ASSIGNMENT → Would you please copy every line below that includes the string "rparr"?

━━━━━ TASK INPUTS ━━━━━

(* Let $R$ be a subring of a ring $S$, and assume that every semiprime factor ring of $R$ and of $S$ is left or right Goldie and that the prime radical of every factor ring of $R$ and of $S$ is nilpotent. (i) If $I$ is an ideal of $R$ and $J$ an ideal of $S$ with $V_R(J\cap R)\subseteq V_R(I)$, then $V_S(J)\subseteq V_S(I^S)$. (ii) $\lambda$ is a left adjoint to $\rho$ if and only if for all ideals $I$ of $R$ and $J$ of $S$, $V_S(J)\subseteq V_S(I^S)$ implies $V_R(J\cap R)\subseteq V_R(I)$.
   Context: $\operatorname{Spec}$ carries the Zariski topology, closed sets $V_A(X)=\{P\in\operatorname{Spec} A:P\supseteq X\}$; for $U\subseteq\operatorname{Spec} A$, $I(U)$ is the intersection of the primes in $U$. For an ideal $I$ of $R$, $I^S=\operatorname{ann}_S(S/SI)$. The functor $\lambda$ sends a closed $V\subseteq\operatorname{Spec} S$ to $V_R(I(V)\cap R)$; the functor $\rho$ sends a closed $V\subseteq\operatorname{Spec} R$ to $V_S(I(V)^S)$. "$\lambda$ is a left adjoint to $\rho$" means $\lambda U\subseteq V\iff U\subseteq\rho V$ for all closed $U\subseteq\operatorname{Spec} S$, $V\subseteq\operatorname{Spec} R$. *)

theory Defs
  imports "HOL-Algebra.Algebra"
begin

definition left_ideal :: "'a set \<Rightarrow> ('a, 'b) ring_scheme \<Rightarrow> bool" where
  "left_ideal L A \<longleftrightarrow> subgroup L (add_monoid A) \<and>
     (\<forall>a \<in> carrier A. \<forall>x \<in> L. a \<otimes>\<^bsub>A\<^esub> x \<in> L)"

definition right_ideal :: "'a set \<Rightarrow> ('a, 'b) ring_scheme \<Rightarrow> bool" where
  "right_ideal L A \<longleftrightarrow> subgroup L (add_monoid A) \<and>
     (\<forall>a \<in> carrier A. \<forall>x \<in> L. x \<otimes>\<^bsub>A\<^esub> a \<in> L)"

definition prime_ideal :: "'a set \<Rightarrow> ('a, 'b) ring_scheme \<Rightarrow> bool" where
  "prime_ideal P A \<longleftrightarrow> ideal P A \<and> P \<noteq> carrier A \<and>
     (\<forall>I J. ideal I A \<longrightarrow> ideal J A \<longrightarrow> ideal_prod A I J \<subseteq> P \<longrightarrow> I \<subseteq> P \<or> J \<subseteq> P)"

definition Spec :: "('a, 'b) ring_scheme \<Rightarrow> 'a set set" where
  "Spec A = {P. prime_ideal P A}"

definition VV :: "('a, 'b) ring_scheme \<Rightarrow> 'a set \<Rightarrow> 'a set set" where
  "VV A Z = {P. P \<in> Spec A \<and> Z \<subseteq> P}"

definition zclosed :: "('a, 'b) ring_scheme \<Rightarrow> 'a set set \<Rightarrow> bool" where
  "zclosed A U \<longleftrightarrow> (\<exists>Z. U = VV A Z)"

definition II :: "('a, 'b) ring_scheme \<Rightarrow> 'a set set \<Rightarrow> 'a set" where
  "II A U = carrier A \<inter> \<Inter> U"

fun ideal_pow :: "('a, 'b) ring_scheme \<Rightarrow> 'a set \<Rightarrow> nat \<Rightarrow> 'a set" where
  "ideal_pow A N 0 = carrier A"
| "ideal_pow A N (Suc n) = ideal_prod A (ideal_pow A N n) N"

definition nilpotent_ideal :: "'a set \<Rightarrow> ('a, 'b) ring_scheme \<Rightarrow> bool" where
  "nilpotent_ideal N A \<longleftrightarrow> (\<exists>n. ideal_pow A N n \<subseteq> {\<zero>\<^bsub>A\<^esub>})"

definition prime_radical :: "('a, 'b) ring_scheme \<Rightarrow> 'a set" where
  "prime_radical A = carrier A \<inter> \<Inter> (Spec A)"

definition semiprime_ring :: "('a, 'b) ring_scheme \<Rightarrow> bool" where
  "semiprime_ring A \<longleftrightarrow> (\<forall>N. ideal N A \<longrightarrow> nilpotent_ideal N A \<longrightarrow> N = {\<zero>\<^bsub>A\<^esub>})"

definition left_ann :: "('a, 'b) ring_scheme \<Rightarrow> 'a set \<Rightarrow> 'a set" where
  "left_ann A Z = {a \<in> carrier A. \<forall>x \<in> Z. a \<otimes>\<^bsub>A\<^esub> x = \<zero>\<^bsub>A\<^esub>}"

definition right_ann :: "('a, 'b) ring_scheme \<Rightarrow> 'a set \<Rightarrow> 'a set" where
  "right_ann A Z = {a \<in> carrier A. \<forall>x \<in> Z. x \<otimes>\<^bsub>A\<^esub> a = \<zero>\<^bsub>A\<^esub>}"

definition sum_upto :: "('a, 'b) ring_scheme \<Rightarrow> (nat \<Rightarrow> 'a set) \<Rightarrow> nat \<Rightarrow> 'a set" where
  "sum_upto A L n = {y. \<exists>x. (\<forall>m<n. x m \<in> L m) \<and> y = finsum A x {..<n}}"

definition infinite_direct_sum :: "('a, 'b) ring_scheme \<Rightarrow> (nat \<Rightarrow> 'a set) \<Rightarrow> bool" where
  "infinite_direct_sum A L \<longleftrightarrow>
     (\<forall>n. L n \<noteq> {\<zero>\<^bsub>A\<^esub>} \<and> L n \<inter> sum_upto A L n = {\<zero>\<^bsub>A\<^esub>})"

definition acc_on :: "'a set set \<Rightarrow> bool" where
  "acc_on \<F> \<longleftrightarrow> \<not> (\<exists>f :: nat \<Rightarrow> 'a set. (\<forall>n. f n \<in> \<F> \<and> f n \<subset> f (Suc n)))"

text \<open>Left Goldie: finite left uniform dimension and ACC on left annihilators.\<close>
definition left_goldie :: "('a, 'b) ring_scheme \<Rightarrow> bool" where
  "left_goldie A \<longleftrightarrow>
     \<not> (\<exists>L. (\<forall>n. left_ideal (L n) A) \<and> infinite_direct_sum A L) \<and>
     acc_on {left_ann A Z | Z. Z \<subseteq> carrier A}"

definition right_goldie :: "('a, 'b) ring_scheme \<Rightarrow> bool" where
  "right_goldie A \<longleftrightarrow>
     \<not> (\<exists>L. (\<forall>n. right_ideal (L n) A) \<and> infinite_direct_sum A L) \<and>
     acc_on {right_ann A Z | Z. Z \<subseteq> carrier A}"

definition factor_rings_ok :: "('a, 'b) ring_scheme \<Rightarrow> bool" where
  "factor_rings_ok A \<longleftrightarrow>
     (\<forall>I. ideal I A \<longrightarrow>
        (semiprime_ring (A Quot I) \<longrightarrow> left_goldie (A Quot I) \<or> right_goldie (A Quot I)) \<and>
        nilpotent_ideal (prime_radical (A Quot I)) (A Quot I))"

text \<open>The left ideal \<open>SI\<close> of \<open>S\<close> generated by \<open>I\<close>.\<close>
definition left_gen :: "('a, 'b) ring_scheme \<Rightarrow> 'a set \<Rightarrow> 'a set" where
  "left_gen S I = \<Inter> {L. left_ideal L S \<and> I \<subseteq> L}"

text \<open>\<open>I^S = ann_S(S/SI) = {s \<in> S. s t \<in> SI for all t \<in> S}\<close>.\<close>
definition ext_ideal :: "('a, 'b) ring_scheme \<Rightarrow> 'a set \<Rightarrow> 'a set" where
  "ext_ideal S I = {s \<in> carrier S. \<forall>t \<in> carrier S. s \<otimes>\<^bsub>S\<^esub> t \<in> left_gen S I}"

definition lam :: "('a, 'b) ring_scheme \<Rightarrow> 'a set \<Rightarrow> 'a set set \<Rightarrow> 'a set set" where
  "lam S R U = VV (S\<lparr>carrier := R\<rparr>) (II S U \<inter> R)"

definition rho :: "('a, 'b) ring_scheme \<Rightarrow> 'a set \<Rightarrow> 'a set set \<Rightarrow> 'a set set" where
  "rho S R V = VV S (ext_ideal S (II (S\<lparr>carrier := R\<rparr>) V))"

definition lam_left_adjoint_rho :: "('a, 'b) ring_scheme \<Rightarrow> 'a set \<Rightarrow> bool" where
  "lam_left_adjoint_rho S R \<longleftrightarrow>
     (\<forall>U V. zclosed S U \<longrightarrow> zclosed (S\<lparr>carrier := R\<rparr>) V \<longrightarrow>
        (lam S R U \<subseteq> V \<longleftrightarrow> U \<subseteq> rho S R V))"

━━━━━

YOUR SOLUTION →
  "lam S R U = VV (S\<lparr>carrier := R\<rparr>) (II S U \<inter> R)"
  "rho S R V = VV S (ext_ideal S (II (S\<lparr>carrier := R\<rparr>) V))"
     (\<forall>U V. zclosed S U \<longrightarrow> zclosed (S\<lparr>carrier := R\<rparr>) V \<longrightarrow>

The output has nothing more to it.